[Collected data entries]
_ _ _ _

lemma overgauss_eq_sum_gf:
  "overgauss m n q t =
     (\<Sum>k=0..min m n. t ^ k * distinct_partition_gf m k q * partition_gf m (n - k) q)"
proof -
  let ?A = "{S. S \<subseteq> {1..m} \<and> card S \<le> n}"
  have "finite ?A"
    by (rule finite_subset[of _ "Pow {1..m}"]) auto
  have card_le: "card S \<le> min m n" if "S \<in> ?A" for S
    using that card_mono[of "{1..m}" S] by simp
  have sum_mset_mset_set: "sum_mset (mset_set S) = \<Sum>S" for S :: "nat set"
    using sum_unfold_sum_mset[of "\<lambda>x. x" S] by simp
  have "overgauss m n q t = (\<Sum>(S, M) \<in> (SIGMA S:?A. bounded_partitions m (n - card S)).
      t ^ card S * q ^ sum_mset (mset_set S + M))"
    unfolding overgauss_def
    by (subst sum.reindex_bij_betw[OF bij_betw_overpartitions_bounded, symmetric])
      (simp add: case_prod_beta)
  also have "\<dots> = (\<Sum>S\<in>?A. t ^ card S * q ^ \<Sum>S * partition_gf m (n - card S) q)"
    by (simp add: sum.Sigma[symmetric] \<open>finite ?A\<close> finite_bounded_partitions partition_gf_def
        sum_distrib_left sum_mset_mset_set power_add mult.assoc)
  also have "\<dots> = (\<Sum>k=0..min m n. \<Sum>S | S \<in> ?A \<and> card S = k.
      t ^ card S * q ^ \<Sum>S * partition_gf m (n - card S) q)"
    using \<open>finite ?A\<close> card_le by (intro sum.group[symmetric]) auto
  also have "\<dots> = (\<Sum>k=0..min m n. t ^ k * distinct_partition_gf m k q * partition_gf m (n - k) q)"
  proof (rule sum.cong)
    fix k assume "k \<in> {0..min m n}"
    then have "{S. S \<in> ?A \<and> card S = k} = {S. S \<subseteq> {1..m} \<and> card S = k}"
      by auto
    then show "(\<Sum>S | S \<in> ?A \<and> card S = k. t ^ card S * q ^ \<Sum>S * partition_gf m (n - card S) q)
        = t ^ k * distinct_partition_gf m k q * partition_gf m (n - k) q"
      by (simp add: distinct_partition_gf_def sum_distrib_left sum_distrib_right mult_ac)
  qed simp
  finally show ?thesis .
qed

lemma qpoch_nonzero:
  fixes q :: "'a::idom"
  assumes "\<And>j. 1 \<le> j \<Longrightarrow> j \<le> k \<Longrightarrow> q ^ j \<noteq> 1"
  shows "qpoch q k \<noteq> 0"
  using assms by (auto simp: qpoch_def)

_ _ _ _

▶ _Required work_
An exact copy of all the records is what is needed here.

▶ _Result of this exercise_
lemma overgauss_eq_sum_gf:
  "overgauss m n q t =
     (\<Sum>k=0..min m n. t ^ k * distinct_partition_gf m k q * partition_gf m (n - k) q)"
proof -
  let ?A = "{S. S \<subseteq> {1..m} \<and> card S \<le> n}"
  have "finite ?A"
    by (rule finite_subset[of _ "Pow {1..m}"]) auto
  have card_le: "card S \<le> min m n" if "S \<in> ?A" for S
    using that card_mono[of "{1..m}" S] by simp
  have sum_mset_mset_set: "sum_mset (mset_set S) = \<Sum>S" for S :: "nat set"
    using sum_unfold_sum_mset[of "\<lambda>x. x" S] by simp
  have "overgauss m n q t = (\<Sum>(S, M) \<in> (SIGMA S:?A. bounded_partitions m (n - card S)).
      t ^ card S * q ^ sum_mset (mset_set S + M))"
    unfolding overgauss_def
    by (subst sum.reindex_bij_betw[OF bij_betw_overpartitions_bounded, symmetric])
      (simp add: case_prod_beta)
  also have "\<dots> = (\<Sum>S\<in>?A. t ^ card S * q ^ \<Sum>S * partition_gf m (n - card S) q)"
    by (simp add: sum.Sigma[symmetric] \<open>finite ?A\<close> finite_bounded_partitions partition_gf_def
        sum_distrib_left sum_mset_mset_set power_add mult.assoc)
  also have "\<dots> = (\<Sum>k=0..min m n. \<Sum>S | S \<in> ?A \<and> card S = k.
      t ^ card S * q ^ \<Sum>S * partition_gf m (n - card S) q)"
    using \<open>finite ?A\<close> card_le by (intro sum.group[symmetric]) auto
  also have "\<dots> = (\<Sum>k=0..min m n. t ^ k * distinct_partition_gf m k q * partition_gf m (n - k) q)"
  proof (rule sum.cong)
    fix k assume "k \<in> {0..min m n}"
    then have "{S. S \<in> ?A \<and> card S = k} = {S. S \<subseteq> {1..m} \<and> card S = k}"
      by auto
    then show "(\<Sum>S | S \<in> ?A \<and> card S = k. t ^ card S * q ^ \<Sum>S * partition_gf m (n - card S) q)
        = t ^ k * distinct_partition_gf m k q * partition_gf m (n - k) q"
      by (simp add: distinct_partition_gf_def sum_distrib_left sum_distrib_right mult_ac)
  qed simp
  finally show ?thesis .
qed

lemma qpoch_nonzero:
  fixes q :: "'a::idom"
  assumes "\<And>j. 1 \<le> j \<Longrightarrow> j \<le> k \<Longrightarrow> q ^ j \<noteq> 1"
  shows "qpoch q k \<noteq> 0"
  using assms by (auto simp: qpoch_def)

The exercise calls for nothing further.